Conclusion: The issue was answered in favour of treating the projects as part of the corporate debtor's insolvency resolution on the facts of the case, subject to the lessor's dues being protected and the land not being sold free of the lessor's rights.
Issue (ii): Whether the lessor authority was entitled to levy penal interest, penal charges and time-extension penalties, and whether the resolution plans could be implemented only after recalculation of dues and restoration of the plans.
Analysis: The Court held that the lessor had remained inactive for long periods despite repeated defaults and repeated knowledge of the stalled projects. It had not monitored the development with due diligence, had not promptly pursued recovery, and had contributed materially to the unresolved state of the projects. For that reason, the Court agreed that penal interest, penal charges and time-extension penalties could not be insisted upon at this stage. At the same time, the principal dues of the lessor remained recoverable.
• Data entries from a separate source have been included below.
(* Let $f\in C[-1,1]$ be absolutely continuous with formal Chebyshev series $f\sim\sum_{n=0}^\infty a_nT_n$. If both $\mathcal D^0_+f$ and $\mathcal D^0_-f$ belong to $C[-1,1]$, then the formal Legendre series $\mathcal D^0_+f\sim\sum_{n=0}^\infty b_nP_n$ has coefficients $b_n=(n+1)\pi a_{n+1}$ for all $n\ge0$, and the formal Legendre series $\mathcal D^0_-f\sim\sum_{n=0}^\infty c_nP_n$ has coefficients $c_n=n\pi a_n$ for all $n\ge0$.
   Context: $T_n$ are the Chebyshev polynomials of the first kind and $P_n$ the Legendre polynomials. The formal Chebyshev series has coefficients $a_0=\frac1\pi\int_{-1}^1 f(t)(1-t^2)^{-1/2}dt$, $a_n=\frac2\pi\int_{-1}^1 f(t)T_n(t)(1-t^2)^{-1/2}dt$ ($n\ge1$); the formal Legendre series of $g$ has coefficients $\frac{2n+1}{2}\int_{-1}^1 g P_n$. For $f$ absolutely continuous and $\lambda\ge0$: $D^\lambda_+f(x)=(1+x)\frac{d}{dx}\Big\{(1+x)^{-\lambda}\int_{-1}^x(x-\tau)^{-1/2}(1+\tau)^{\lambda-1/2}f(\tau)\,d\tau\Big\}$, $D^\lambda_-f(x)=(1-x)\frac{d}{dx}\Big\{(1-x)^{-\lambda}\int_x^1(\tau-x)^{-1/2}(1-\tau)^{\lambda-1/2}f(\tau)\,d\tau\Big\}$, $\mathcal D^\lambda_\pm=D^\lambda_+\pm D^\lambda_-$; here $\lambda=0$. *)

theory Defs
  imports "HOL-Analysis.Analysis"
begin

definition abs_cont_on_interval :: "real \<Rightarrow> real \<Rightarrow> (real \<Rightarrow> real) \<Rightarrow> bool" where
  "abs_cont_on_interval a b f \<longleftrightarrow>
     (\<forall>\<epsilon>>0. \<exists>\<delta>>0. \<forall>(n::nat) (u::nat \<Rightarrow> real) (v::nat \<Rightarrow> real).
        (\<forall>i<n. a \<le> u i \<and> u i \<le> v i \<and> v i \<le> b) \<and>
        (\<forall>i<n. \<forall>j<n. i \<noteq> j \<longrightarrow> v i \<le> u j \<or> v j \<le> u i) \<and>
        (\<Sum>i<n. v i - u i) < \<delta>
        \<longrightarrow> (\<Sum>i<n. \<bar>f (v i) - f (u i)\<bar>) < \<epsilon>)"

fun chebT :: "nat \<Rightarrow> real \<Rightarrow> real" where
  "chebT 0 x = 1"
| "chebT (Suc 0) x = x"
| "chebT (Suc (Suc n)) x = 2 * x * chebT (Suc n) x - chebT n x"

fun legP :: "nat \<Rightarrow> real \<Rightarrow> real" where
  "legP 0 x = 1"
| "legP (Suc 0) x = x"
| "legP (Suc (Suc n)) x =
     ((2 * real n + 3) * x * legP (Suc n) x - (real n + 1) * legP n x) / (real n + 2)"

definition cheb_coeff :: "(real \<Rightarrow> real) \<Rightarrow> nat \<Rightarrow> real" where
  "cheb_coeff f n =
     (if n = 0 then 1 / pi else 2 / pi) *
     integral {-1..1} (\<lambda>t. f t * chebT n t * (1 - t\<^sup>2) powr (-1/2))"

definition leg_coeff :: "(real \<Rightarrow> real) \<Rightarrow> nat \<Rightarrow> real" where
  "leg_coeff g n = (2 * real n + 1) / 2 * integral {-1..1} (\<lambda>t. g t * legP n t)"

definition Dplus_inner :: "real \<Rightarrow> (real \<Rightarrow> real) \<Rightarrow> real \<Rightarrow> real" where
  "Dplus_inner lam f x = (1 + x) powr (-lam) *
     integral {-1..x} (\<lambda>\<tau>. (x - \<tau>) powr (-1/2) * (1 + \<tau>) powr (lam - 1/2) * f \<tau>)"

definition Dminus_inner :: "real \<Rightarrow> (real \<Rightarrow> real) \<Rightarrow> real \<Rightarrow> real" where
  "Dminus_inner lam f x = (1 - x) powr (-lam) *
     integral {x..1} (\<lambda>\<tau>. (\<tau> - x) powr (-1/2) * (1 - \<tau>) powr (lam - 1/2) * f \<tau>)"

definition Dplus :: "real \<Rightarrow> (real \<Rightarrow> real) \<Rightarrow> real \<Rightarrow> real" where
  "Dplus lam f x = (1 + x) * deriv (Dplus_inner lam f) x"

definition Dminus :: "real \<Rightarrow> (real \<Rightarrow> real) \<Rightarrow> real \<Rightarrow> real" where
  "Dminus lam f x = (1 - x) * deriv (Dminus_inner lam f) x"

definition calD_plus :: "real \<Rightarrow> (real \<Rightarrow> real) \<Rightarrow> real \<Rightarrow> real" where
  "calD_plus lam f x = Dplus lam f x + Dminus lam f x"

definition calD_minus :: "real \<Rightarrow> (real \<Rightarrow> real) \<Rightarrow> real \<Rightarrow> real" where
  "calD_minus lam f x = Dplus lam f x - Dminus lam f x"

end

theory Submission
  imports Defs "HOL-Computational_Algebra.Polynomial"
begin

text \<open>For \<open>\<lambda> = 0\<close> the substitution \<open>\<tau> = -1 + (1 + x)(1 - cos \<phi>)/2\<close> turns the inner integral
  of \<open>D\<^sup>0\<^sub>+f\<close> into \<open>U(x) = \<integral>\<^sub>0\<^sup>\<pi> f(-1 + (1 + x)(1 - cos \<phi>)/2) d\<phi>\<close>, so that
  \<open>D\<^sup>0\<^sub>+f = (1 + x) U'\<close>, and integration by parts against \<open>P\<^sub>n\<close> writes \<open>\<integral> D\<^sup>0\<^sub>+f P\<^sub>n\<close> as a
  bounded linear functional of \<open>f\<close>. The substitution \<open>t = -cos \<theta>\<close> writes the Chebyshev
  coefficients as cosine coefficients of \<open>f(-cos \<theta>)\<close>. On the monomials \<open>(1 + t)\<^sup>j\<close> both sides
  are explicit: \<open>U\<close> is \<open>(1 + x)\<^sup>j\<close> times a central binomial coefficient and the Legendre moments
  \<open>\<integral> (1 + x)\<^sup>j P\<^sub>n\<close> satisfy Bonnet's recurrence, whose solution is a ratio of binomial
  coefficients. Weierstrass approximation extends the identity to all continuous \<open>f\<close>, and the
  reflection \<open>t \<mapsto> -t\<close> reduces \<open>D\<^sup>0\<^sub>-\<close> to \<open>D\<^sup>0\<^sub>+\<close>.\<close>

lemma has_integral_substitution_nonneg:
  fixes f g g' h :: "real \<Rightarrow> real" and a b c d :: real
  assumes ab: "a < b" and cd: "c < d"
    and contf: "\<And>t. t \<in> {c<..<d} \<Longrightarrow> isCont f t"
    and fnn: "\<And>t. t \<in> {c<..<d} \<Longrightarrow> 0 \<le> f t"
    and derg: "\<And>x. x \<in> {a<..<b} \<Longrightarrow> (g has_real_derivative g' x) (at x)"
    and contg': "\<And>x. x \<in> {a<..<b} \<Longrightarrow> isCont g' x"
    and grange: "\<And>x. x \<in> {a<..<b} \<Longrightarrow> g x \<in> {c<..<d}"
    and g'nn: "\<And>x. x \<in> {a..b} \<Longrightarrow> 0 \<le> g' x"
    and contg: "continuous_on {a..b} g" and ga: "g a = c" and gb: "g b = d"
    and h: "continuous_on {a..b} h"
    and fg: "\<And>x. x \<in> {a<..<b} \<Longrightarrow> f (g x) * g' x = h x"
  shows "(f has_integral integral {a..b} h) {c..d}"
proof -
  have lim_a: "((ereal \<circ> g \<circ> real_of_ereal) \<longlongrightarrow> ereal c) (at_right (ereal a))"
  proof -
    have "(g \<longlongrightarrow> g a) (at_right a)"
      using contg ab by (metis atLeastAtMost_iff continuous_on_Icc_at_rightD less_eq_real_def order_refl)
    then show ?thesis using ga by (simp add: ereal_tendsto_simps)
  qed
  have lim_b: "((ereal \<circ> g \<circ> real_of_ereal) \<longlongrightarrow> ereal d) (at_left (ereal b))"
  proof -
    have "(g \<longlongrightarrow> g b) (at_left b)"
      using contg ab by (metis atLeastAtMost_iff continuous_on_Icc_at_leftD less_eq_real_def order_refl)
    then show ?thesis using gb by (simp add: ereal_tendsto_simps)
  qed
  have int_h: "set_integrable lborel {a..b} h"
    by (rule borel_integrable_atLeastAtMost'[OF h])
  have int_fg: "set_integrable lborel (einterval (ereal a) (ereal b)) (\<lambda>x. f (g x) * g' x)"
  proof -
    have "set_integrable lborel (einterval (ereal a) (ereal b)) h"
      by (rule set_integrable_subset[OF int_h]) (auto simp: einterval_def)
    then show ?thesis
      by (rule set_integrable_cong[THEN iffD1, rotated -1]) (auto simp: einterval_def fg)
  qed
  have int_f: "set_integrable lborel {c<..<d} f"
    and subst: "(LBINT x=ereal c..ereal d. f x) = (LBINT x=ereal a..ereal b. f (g x) * g' x)"
    using interval_integral_substitution_nonneg[of "ereal a" "ereal b" g g' f "ereal c" "ereal d",
        OF _ _ _ _ _ _ lim_a lim_b int_fg] ab derg contf contg' fnn grange g'nn
    by auto
  have "(LBINT x=ereal a..ereal b. f (g x) * g' x) = (LBINT x=ereal a..ereal b. h x)"
    using ab by (simp add: interval_lebesgue_integral_le_eq) (rule set_lebesgue_integral_cong, auto simp: fg)
  also have "\<dots> = integral {a..b} h"
    using ab int_h by (simp add: interval_integral_eq_integral)
  finally have "(LBINT x=ereal c..ereal d. f x) = integral {a..b} h" using subst by simp
  moreover have "(LBINT x=ereal c..ereal d. f x) = integral {c<..<d} f"
    using cd int_f by (simp add: interval_lebesgue_integral_le_eq set_borel_integral_eq_integral)
  moreover have "(f has_integral integral {c<..<d} f) {c<..<d}"
    using set_borel_integral_eq_integral(1)[OF int_f] by (simp add: has_integral_integral)
  ultimately show ?thesis by (simp add: has_integral_Icc_iff_Ioo)
qed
The Court also balanced the interests of homebuyers and the successful resolution applicants by restoring the resolution plans and directing payment of the recalculated principal dues over a fixed period without burdening the buyers.
Conclusion: The lessor's claim to penal interest, penal charges and time-extension penalties was rejected, but its principal dues were directed to be recalculated and paid under the restored resolution plans.
Issue (iii): Whether the corporate veil ought to be lifted on the facts to treat the group companies as one economic entity for the purpose of the resolution process.
Analysis: The Court applied the principle that the corporate veil may be lifted where associated companies are inextricably connected and the corporate form is being used in a manner that defeats the real substance of the arrangement. The record showed common control, majority ownership, common management features, and actual execution of the projects by the corporate debtor. In that setting, the subsidiaries could not be treated as entirely independent for the limited purpose of the insolvency resolution. The Court therefore disagreed with the view that the group structure prevented the resolution process from encompassing the project lands and related development rights.
Conclusion: The corporate veil was held liable to be lifted on the facts, and the group companies were treated as part of one economic concern for the limited purpose of the resolution process.
Final Conclusion: The resolution plans were restored, the lessor's principal dues were preserved but penal components were disallowed, and the appeals were disposed of by granting substantive relief to the successful resolution applicants while protecting the lessor's recoverable principal claims and the interests of the allottees.
Ratio Decidendi: Where group companies are in substance one economic concern and the corporate structure is used to control and execute the same projects, the corporate veil may be lifted in insolvency proceedings to give effect to a workable resolution, while protecting the rights of the lessor to recover lawful principal dues but not penal levies arising from prolonged inaction.